2.
23 августа 2018 г., 09:45
* * *
— Глеб! Старостин! Там тебе больного привезли. Спустись.
«Глебушка не хочет спускаться вниз. Глебушка хочет хр-п-п-п…»
— Глеб!
Голос у моего сегодняшнего напарника, Виктора Семеновича, точно та самая иерихонская труба. Попробуй не проснись!
Вздыхаю. Я нынче — самый молодой, остальные — Виктор Семенович с Толяном — сильно старше, можно сказать, почти деды. Мне, стало быть, и бежать. Проклятое дежурство! Хоть бы раз удалось поспать по-человечески!
— Что там у вас? — киваю фельдшеру, нехотя принимая у него из рук документы. Лицо до чертиков знакомое — не в первый раз к нам возит. Кажется, мы даже как-то вместе на чьем-то дне рождения квасили. У него еще девушка в нашем отделении работает. Девушка — Юля, а он? Игорь?
— Представляешь, театр на гастроли приехал — прямо со сцены забирали. Впервые со мной такое.
— Театр? Какой театр? Дед, что ли, древний опять ногу подвернул? Таскают с собой стариков на гастроли… Или же какие-то олухи сверху вниз сиганули? На трапециях качались? Новаторы-авангардисты! — когда я научился так отвратительно ворчать?
— И не дед вовсе! — смеясь, машет рукой Игорь. Или Виталик? — Представляешь, молодой совсем парень. Прыгнул, споткнулся — гипс. Доплясался, короче.
«Доплясался», — все еще крутится у меня в голове, когда я подхожу к лежащему на каталке пациенту. Даже сквозь почти смертельную бледность и прожитые врозь годы я не могу не узнать этого лица: тяжелых век, закушенных губ и чеканного профиля.
— Здравствуй, Саша.
— Блядь! — устало роняет он и открывает глаза. — Глеб, это ты?
Так странно… Мы не виделись с ним… сколько? восемь лет? А узнали друг друга мгновенно: с первого взгляда, с первого слова. Другое дело, что на лирику у нас сейчас совсем нет времени. Перелом у Саши, если верить рентгеновскому снимку (а с чего бы мне вдруг ему не верить?), довольно отвратительный: мало того, что сам по себе болезненный, так еще и со смещением.
— Я, — отвечаю, стараясь выглядеть профессионально спокойным и собранным, тогда как все внутри меня в это время взрывается и разлетается, будто какая-нибудь чертова смертельная шрапнель. — Как же ты так, а?
— Неудачно приземлился, — кривит он губы в знакомой полуулыбке. Только раньше мне виделись за этим высокомерие и отрешенность, а теперь — попытка скрыть боль. Что ты, Саша, зачем же скрывать что-то от меня?
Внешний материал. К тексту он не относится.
text \<open>The hypothesis \<open>G \<subseteq> K\<close> is needed only because the intersection of the empty
family is the whole function space, which is not contained in \<open>l2\<close>.\<close>
lemma closed_subspace_closed_span:
  assumes "closed_subspace K" "G \<subseteq> K"
  shows "closed_subspace (closed_span G)"
proof -
  have "closed_span G \<subseteq> l2"
    using closed_span_least[OF assms] closed_subspace_l2[OF assms(1)] by blast
  then show ?thesis
    unfolding closed_subspace_def[of "closed_span G"]
  proof (intro conjI ballI allI impI)
    show "(\<lambda>_. 0) \<in> closed_span G" unfolding mem_closed_span using closed_subspace_zero by blast
    fix x y assume "x \<in> closed_span G" "y \<in> closed_span G"
    then show "(\<lambda>i. x i + y i) \<in> closed_span G"
      unfolding mem_closed_span using closed_subspace_add by blast
  next
    fix c x assume "x \<in> closed_span G"
    then show "(\<lambda>i. c * x i) \<in> closed_span G"
      unfolding mem_closed_span using closed_subspace_scale by blast
  next
    fix X x assume "(\<forall>n. X n \<in> closed_span G) \<and> x \<in> l2 \<and> (\<lambda>n. lnorm (\<lambda>i. X n i - x i)) \<longlonglongrightarrow> 0"
    then show "x \<in> closed_span G"
      unfolding mem_closed_span using closed_subspace_limit by blast
  qed
qed

lemma closed_span_invariant:
  assumes K: "closed_subspace K" and U: "op_on K U" and GK: "G \<subseteq> K"
    and UG: "\<forall>g\<in>G. U g \<in> closed_span G"
  shows "\<forall>x\<in>closed_span G. U x \<in> closed_span G"
proof -
  define C where "C = closed_span G"
  have C: "closed_subspace C" unfolding C_def by (rule closed_subspace_closed_span[OF K GK])
  have CK: "C \<subseteq> K" unfolding C_def by (rule closed_span_least[OF K GK])
  define M where "M = {x\<in>C. U x \<in> C}"
  have "closed_subspace M"
    unfolding closed_subspace_def
  proof (intro conjI ballI allI impI)
    show "M \<subseteq> l2" using closed_subspace_l2[OF C] unfolding M_def by blast
    show "(\<lambda>_. 0) \<in> M"
      using closed_subspace_zero[OF C] op_on_scale[OF U closed_subspace_zero[OF K], of 0]
      unfolding M_def by simp
  next
    fix x y assume "x \<in> M" "y \<in> M"
    then have "x \<in> K" "y \<in> K" "(\<lambda>i. U x i + U y i) \<in> C"
      using CK closed_subspace_add[OF C] unfolding M_def by auto
    with \<open>x \<in> M\<close> \<open>y \<in> M\<close> show "(\<lambda>i. x i + y i) \<in> M"
      using op_on_add[OF U] closed_subspace_add[OF C] unfolding M_def by auto
  next
    fix c x assume "x \<in> M"
    then have "x \<in> K" "(\<lambda>i. c * U x i) \<in> C"
      using CK closed_subspace_scale[OF C] unfolding M_def by auto
    with \<open>x \<in> M\<close> show "(\<lambda>i. c * x i) \<in> M"
      using op_on_scale[OF U] closed_subspace_scale[OF C] unfolding M_def by auto
  next
    fix X x assume lim: "(\<forall>n. X n \<in> M) \<and> x \<in> l2 \<and> (\<lambda>n. lnorm (\<lambda>i. X n i - x i)) \<longlonglongrightarrow> 0"
    then have X: "X n \<in> C" "U (X n) \<in> C" for n unfolding M_def by auto
    with lim have x: "x \<in> C" using closed_subspace_limit[OF C] by blast
    have xK: "x \<in> K" using x CK by blast
    have "U x \<in> l2" using op_on_maps[OF U xK] closed_subspace_l2[OF K] by blast
    moreover have "(\<lambda>n. lnorm (\<lambda>i. U (X n) i - U x i)) \<longlonglongrightarrow> 0"
      using op_on_tendsto[OF K U _ xK] X(1) CK lim by blast
    ultimately have "U x \<in> C" by (rule closed_subspace_limit[OF C X(2)])
    with x show "x \<in> M" unfolding M_def by blast
  qed
  moreover have "G \<subseteq> M" using UG closed_span_superset unfolding M_def C_def by blast
  ultimately have "C \<subseteq> M" unfolding C_def by (rule closed_span_least)
  then show ?thesis unfolding M_def C_def by blast
qed

lemma funpow_maps: "\<forall>x\<in>K. B x \<in> K \<Longrightarrow> x \<in> K \<Longrightarrow> (B ^^ m) x \<in> K"
  by (induction m) auto

lemma funpow_commute:
  assumes "\<forall>x\<in>K. B x \<in> K" "commute_on K A B" "x \<in> K"
  shows "A ((B ^^ m) x) = (B ^^ m) (A x)"
  using assms(3)
proof (induction m arbitrary: x)
  case 0
  then show ?case by simp
next
  case (Suc m x)
  have "A ((B ^^ Suc m) x) = A ((B ^^ m) (B x))" by (simp add: funpow_swap1)
  also have "\<dots> = (B ^^ m) (A (B x))" using Suc assms(1) by blast
  also have "\<dots> = (B ^^ m) (B (A x))" using assms(2) Suc.prems unfolding commute_on_def by simp
  finally show ?case by (simp add: funpow_swap1)
qed

definition orbit3 :: "('i \<Rightarrow> complex) set \<Rightarrow> (('i \<Rightarrow> complex) \<Rightarrow> ('i \<Rightarrow> complex))
    \<Rightarrow> (('i \<Rightarrow> complex) \<Rightarrow> ('i \<Rightarrow> complex)) \<Rightarrow> (('i \<Rightarrow> complex) \<Rightarrow> ('i \<Rightarrow> complex))
    \<Rightarrow> ('i \<Rightarrow> complex) set" where
  "orbit3 H T1 T2 T3 = {(T1 ^^ m1) ((T2 ^^ m2) ((T3 ^^ n) h)) | m1 m2 n h. h \<in> H}"

lemma orbit3_memI: "h \<in> H \<Longrightarrow> (T1 ^^ m1) ((T2 ^^ m2) ((T3 ^^ n) h)) \<in> orbit3 H T1 T2 T3"
  unfolding orbit3_def by blast

lemma orbit3_superset: "H \<subseteq> orbit3 H T1 T2 T3"
proof
  fix h assume "h \<in> H"
  then have "(T1 ^^ 0) ((T2 ^^ 0) ((T3 ^^ 0) h)) \<in> orbit3 H T1 T2 T3" by (rule orbit3_memI)
  then show "h \<in> orbit3 H T1 T2 T3" by simp
qed

lemma orbit3_subset:
  assumes "H \<subseteq> K" "\<forall>x\<in>K. T1 x \<in> K" "\<forall>x\<in>K. T2 x \<in> K" "\<forall>x\<in>K. T3 x \<in> K"
  shows "orbit3 H T1 T2 T3 \<subseteq> K"
proof
  fix g assume "g \<in> orbit3 H T1 T2 T3"
  then obtain m1 m2 n h where "g = (T1 ^^ m1) ((T2 ^^ m2) ((T3 ^^ n) h))" and "h \<in> K"
    using assms(1) unfolding orbit3_def by blast
  then show "g \<in> K"
    using funpow_maps[OF assms(2)] funpow_maps[OF assms(3)] funpow_maps[OF assms(4)] by simp
qed

lemma orbit3_invariant:
  assumes "H \<subseteq> K" and maps: "\<forall>x\<in>K. T1 x \<in> K" "\<forall>x\<in>K. T2 x \<in> K" "\<forall>x\<in>K. T3 x \<in> K"
    and "commute_on K T1 T2" "commute_on K T1 T3" "commute_on K T2 T3"
    and g: "g \<in> orbit3 H T1 T2 T3"
  shows "T1 g \<in> orbit3 H T1 T2 T3 \<and> T2 g \<in> orbit3 H T1 T2 T3 \<and> T3 g \<in> orbit3 H T1 T2 T3"
proof -
  obtain m1 m2 n h where g: "g = (T1 ^^ m1) ((T2 ^^ m2) ((T3 ^^ n) h))" and h: "h \<in> H"
    using g unfolding orbit3_def by blast
  then have z: "(T3 ^^ n) h \<in> K" and y: "(T2 ^^ m2) ((T3 ^^ n) h) \<in> K"
    using assms(1) funpow_maps[OF maps(3)] funpow_maps[OF maps(2)] by blast+
  have "commute_on K T2 T1" "commute_on K T3 T1" "commute_on K T3 T2"
    using assms(5-7) unfolding commute_on_def by auto
  then have "T1 g = (T1 ^^ Suc m1) ((T2 ^^ m2) ((T3 ^^ n) h))"
    and "T2 g = (T1 ^^ m1) ((T2 ^^ Suc m2) ((T3 ^^ n) h))"
    and "T3 g = (T1 ^^ m1) ((T2 ^^ m2) ((T3 ^^ Suc n) h))"
    using g funpow_commute[OF maps(1) _ y] funpow_commute[OF maps(2) _ z] by simp_all
  then show ?thesis using orbit3_memI[OF h] by presburger
qed

theorem proposition6p2:
  fixes H :: "('i \<Rightarrow> complex) set"
    and S1 S2 P :: "('i \<Rightarrow> complex) \<Rightarrow> ('i \<Rightarrow> complex)"
  assumes "closed_subspace H"
    and "gamma3_contraction H S1 S2 P"
    and "\<exists>K T1 T2 V. gamma3_isometric_dilation H S1 S2 P K T1 T2 V"
  shows "\<exists>K T1 T2 V. gamma3_isometric_dilation H S1 S2 P K T1 T2 V
                    \<and> minimal_dilation H K T1 T2 V"
proof -
  obtain K T1 T2 V where D: "gamma3_isometric_dilation H S1 S2 P K T1 T2 V"
    using assms(3) by blast
  then have K: "closed_subspace K" and HK: "H \<subseteq> K" and ops: "op_on K T1" "op_on K T2" "op_on K V"
    and comm: "commute_on K T1 T2" "commute_on K T1 V" "commute_on K T2 V"
    using gamma3_isometry_op_on unfolding gamma3_isometric_dilation_def by blast+
  have maps: "\<forall>x\<in>K. T1 x \<in> K" "\<forall>x\<in>K. T2 x \<in> K" "\<forall>x\<in>K. V x \<in> K"
    using ops op_on_maps by blast+
  define G where "G = orbit3 H T1 T2 V"
  have GK: "G \<subseteq> K" unfolding G_def using orbit3_subset[OF HK maps] .
  have "\<forall>g\<in>G. T1 g \<in> G \<and> T2 g \<in> G \<and> V g \<in> G"
    unfolding G_def using orbit3_invariant[OF HK maps comm] by blast
  then have "\<forall>g\<in>G. T1 g \<in> closed_span G" "\<forall>g\<in>G. T2 g \<in> closed_span G"
    "\<forall>g\<in>G. V g \<in> closed_span G"
    using closed_span_superset[of G] by blast+
  then have "\<forall>x\<in>closed_span G. T1 x \<in> closed_span G \<and> T2 x \<in> closed_span G \<and> V x \<in> closed_span G"
    using closed_span_invariant[OF K ops(1) GK] closed_span_invariant[OF K ops(2) GK]
      closed_span_invariant[OF K ops(3) GK] by blast
  moreover have "H \<subseteq> closed_span G"
    using orbit3_superset closed_span_superset unfolding G_def by blast
  ultimately have "gamma3_isometric_dilation H S1 S2 P (closed_span G) T1 T2 V"
    by (rule gamma3_isometric_dilation_restrict[OF D closed_subspace_closed_span[OF K GK] _
          closed_span_least[OF K GK], rotated])
  moreover have "minimal_dilation H (closed_span G) T1 T2 V"
    unfolding minimal_dilation_def G_def orbit3_def ..
  ultimately show ?thesis by blast
qed

end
— Тогда — поехали, пациент!
Ставлю последнюю закорючку в бумагах Игоря-Виталика, машу ему на прощание рукой и сам берусь за каталку. У Гули, молоденькой санитарки приемного отделения, делаются круглые глаза. Поясняю зачем-то:
— Это мой друг.
Она быстро-быстро кивает. Не удивлюсь, если завтра вся больница будет в курсе, что доктор Старостин сам! своими собственными ручками затаскивал каталку с больным в лифт. Катим с Гулей вместе. Подумаешь! Я, покуда в меде учился, кем только ни подрабатывал — даже в морге санитаром. Меня теперь субординацией не напугать. Особенно, когда дело касается тех, кого я…
А вот об этом мы подумаем после дежурства.
Едва успеваю отдать распоряжение о палате, куда поместить пациента (есть у меня свободное место в сильно блатной «двушке» — словно аккурат для этого случая), как меня снова зовут вниз: принять больного и расписаться. А потом опять. И опять. И снова… На вытяжку Сашу укладывает Толян — и за одно это я начинаю его тихо ненавидеть. Хотя при чем тут он? Просто такое у нас распределение обязанностей.
Когда я, находясь уже совсем на последнем издыхании, вползаю в палату, дыша тяжело, точно страдающая астмой старая черепаха, Саша спит и тени от ресниц дрожат на его бледных щеках. В прошлом я отдал бы все на свете, чтобы однажды получить возможность быть рядом с ним спящим. Теперь же — даже еще больше за то, чтобы он никогда не падал на этом своем спектакле и, соответственно, никогда не попадал к нам.
Минут пять я позволяю себе смотреть на него, а потом ухожу к себе. Думаю, Саше не понравилось бы, что кто-то видел его настолько беспомощным. Все-таки во сне люди удивительно открыты и беззащитны.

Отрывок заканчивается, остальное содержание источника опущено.